Note that there is no PoseNet to predict ego motion. The output of the BA layer is the camera pose sequence and point cloud depths.
The idea of feature metric loss is further extended in Feature metric monodepth ECCV 2020.
DeepV2D is similar to BA-Net.
- BA-Net tries to optimize one joint nonlinear optimization over all variables, and thus needs to decompose depth prediction with depth basis to reduce search space.
- DeepV2D decomposes joint optimization into more tractable subproblems of optimization of depth and motion, and do block coordinate descent. It allows the depth estimation module to be more expressive and thus directly estimate per-pixel depth.
- Performance of DeepV2D is better than BA-Net across the board.
Background of BA
- Keypoint BA
- Only information from corners and blobs
- Feature matching with RANSAC still gives outliers
- Photometric BA: Direct method uses dense pixel values and leverages more information
- Sensitive to initialization
- Sensitive to photometric calibration (camera exposure, white balance)
- Sensitive to outliers such as moving objects
- Feature-metric BA:
- Higher level feature, insensitive to photometric calibration and MOD outliers
- Less sensitive to initialization as it has more clear global minimum
- It is like doing DSO with learned and more robust feature map (rather than original image).
Key ideas
- Bundle Adjustment is hard to integrate into neural network due to two reasons.
- Iterative: this can be
- If/Else switch on predicting the damping factor.

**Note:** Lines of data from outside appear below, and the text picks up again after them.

lemma prob_clean_hit:
  assumes "j < m" "i < t"
  shows "measure_pmf.prob p (clean_hit m j i) = q * (1 - q) ^ (2 * i)"
proof -
  have "i < m" using assms t_le_m by simp
  have "measure_pmf.prob p {R. {(j, (j + i) mod m)} \<subseteq> R \<and> blockers m j i \<inter> R = {}}
      = q ^ card {(j, (j + i) mod m)} * (1 - q) ^ card (blockers m j i)"
    using hit_notin_blockers[OF assms(1) \<open>i < m\<close>]
    by (intro prob_forest_pattern[OF insert_hit_blockers_subset[OF assms] bip_forest_insert_hit_blockers])
      (auto simp: finite_blockers)
  then show ?thesis
    using card_blockers[OF assms(1) \<open>i < m\<close>] by (simp add: clean_hit_def)
qed

lemma prob_clean_hit_Int:
  assumes "j < m" "j' < m" "i < t" "i' < t" and far: "window m t j \<inter> window m t j' = {}"
  shows "measure_pmf.prob p (clean_hit m j i \<inter> clean_hit m j' i') =
    q * (1 - q) ^ (2 * i) * (q * (1 - q) ^ (2 * i'))"
proof -
  define h h' where "h = (j, (j + i) mod m)" and "h' = (j', (j' + i') mod m)"
  define B B' where "B = blockers m j i"
    and "B' = blockers m j' i'"
  have "i < m" "i' < m" using assms t_le_m by simp_all
  have sub: "insert h B \<subseteq> window m t j \<times> window m t j" "insert h' B' \<subseteq> window m t j' \<times> window m t j'"
    unfolding h_def h'_def B_def B'_def using insert_hit_blockers_subset_window assms by blast+
  then have disj: "insert h B \<inter> insert h' B' = {}" using far by blast
  have "bip_forest (insert h B)" "bip_forest (insert h' B')"
    unfolding h_def h'_def B_def B'_def by (rule bip_forest_insert_hit_blockers)+
  then have "bip_forest (insert h B \<union> insert h' B')"
    using sub far by (intro bip_forest_Un)
  moreover have "insert h B \<union> insert h' B' \<subseteq> {..<m} \<times> {..<m}"
    unfolding h_def h'_def B_def B'_def using insert_hit_blockers_subset assms by blast
  moreover have "h \<notin> B" "h' \<notin> B'"
    unfolding h_def h'_def B_def B'_def using hit_notin_blockers assms \<open>i < m\<close> \<open>i' < m\<close>
    by blast+
  ultimately have "measure_pmf.prob p {R. {h, h'} \<subseteq> R \<and> (B \<union> B') \<inter> R = {}}
      = q ^ card {h, h'} * (1 - q) ^ card (B \<union> B')"
    using disj by (intro prob_forest_pattern) (auto simp: B_def B'_def finite_blockers)
  moreover have "card {h, h'} = 2" "card (B \<union> B') = 2 * i + 2 * i'"
    using disj card_Un_disjoint[of B B'] card_blockers assms \<open>i < m\<close> \<open>i' < m\<close>
    by (auto simp: B_def B'_def finite_blockers)
  moreover have "{R. {h, h'} \<subseteq> R \<and> (B \<union> B') \<inter> R = {}} = clean_hit m j i \<inter> clean_hit m j' i'"
    by (auto simp: clean_hit_def h_def h'_def B_def B'_def)
  ultimately show ?thesis
    by (simp add: power_add algebra_simps power2_eq_square)
qed

lemma prob_has_clean_hit:
  assumes "j < m"
  shows "measure_pmf.prob p (has_clean_hit m t j) = hit_prob q t"
proof -
  have "measure_pmf.prob p (has_clean_hit m t j) = (\<Sum>i<t. measure_pmf.prob p (clean_hit m j i))"
    unfolding has_clean_hit_def
    by (rule measure_pmf.finite_measure_finite_Union) (auto simp: disjoint_family_on_def clean_hit_disjoint)
  also have "\<dots> = hit_prob q t"
    using prob_clean_hit assms by (simp add: hit_prob_def)
  finally show ?thesis .
qed

lemma prob_has_clean_hit_Int:
  assumes "j < m" "j' < m" and far: "window m t j \<inter> window m t j' = {}"
  shows "measure_pmf.prob p (has_clean_hit m t j \<inter> has_clean_hit m t j') = hit_prob q t * hit_prob q t"
proof -
  have "has_clean_hit m t j \<inter> has_clean_hit m t j' =
      (\<Union>ii\<in>{..<t} \<times> {..<t}. clean_hit m j (fst ii) \<inter> clean_hit m j' (snd ii))"
    by (auto simp: has_clean_hit_def)
  moreover have "disjoint_family_on (\<lambda>ii. clean_hit m j (fst ii) \<inter> clean_hit m j' (snd ii))
      ({..<t} \<times> {..<t})"
    unfolding disjoint_family_on_def using clean_hit_disjoint by (fastforce simp: prod_eq_iff)
  ultimately have "measure_pmf.prob p (has_clean_hit m t j \<inter> has_clean_hit m t j') =
      (\<Sum>ii\<in>{..<t} \<times> {..<t}. measure_pmf.prob p (clean_hit m j (fst ii) \<inter> clean_hit m j' (snd ii)))"
    by (simp add: measure_pmf.finite_measure_finite_Union)
  also have "\<dots> = (\<Sum>ii\<in>{..<t} \<times> {..<t}. q * (1 - q) ^ (2 * fst ii) * (q * (1 - q) ^ (2 * snd ii)))"
    using assms by (intro sum.cong) (auto simp: prob_clean_hit_Int)
  also have "\<dots> = hit_prob q t * hit_prob q t"
    by (simp add: hit_prob_def sum_product sum.cartesian_product case_prod_beta)
  finally show ?thesis .
qed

- BA-Net fixed the iteration to 5, and uses an MLP to predict the damping factor. This makes BA end-to-end differentiable.
- Architecture
- Input: from previous $X$ (state: camera pose and point depth) and Feature maps, error is computed. Error is fed into an MLP to get damping factor.
- Damping factor and Diagonal matrix from Jacobian yields $\Delta X$
- $X$ gets updated and feed into next iteration.
- Basis depth map
- instead of dense prediction, BA-Net predicts 128 basis depth channels and predict 128-dim weighting factor w.
Technical details
- Uses 5 consecutive frames for optimization on KITTI and achieves very good performance than most one frame based depth estimation.
- The performance on KITTI looks too good to be true. Almost on par with supervised method DORN. The sqr rel has some issues per author’s answer here in 知乎.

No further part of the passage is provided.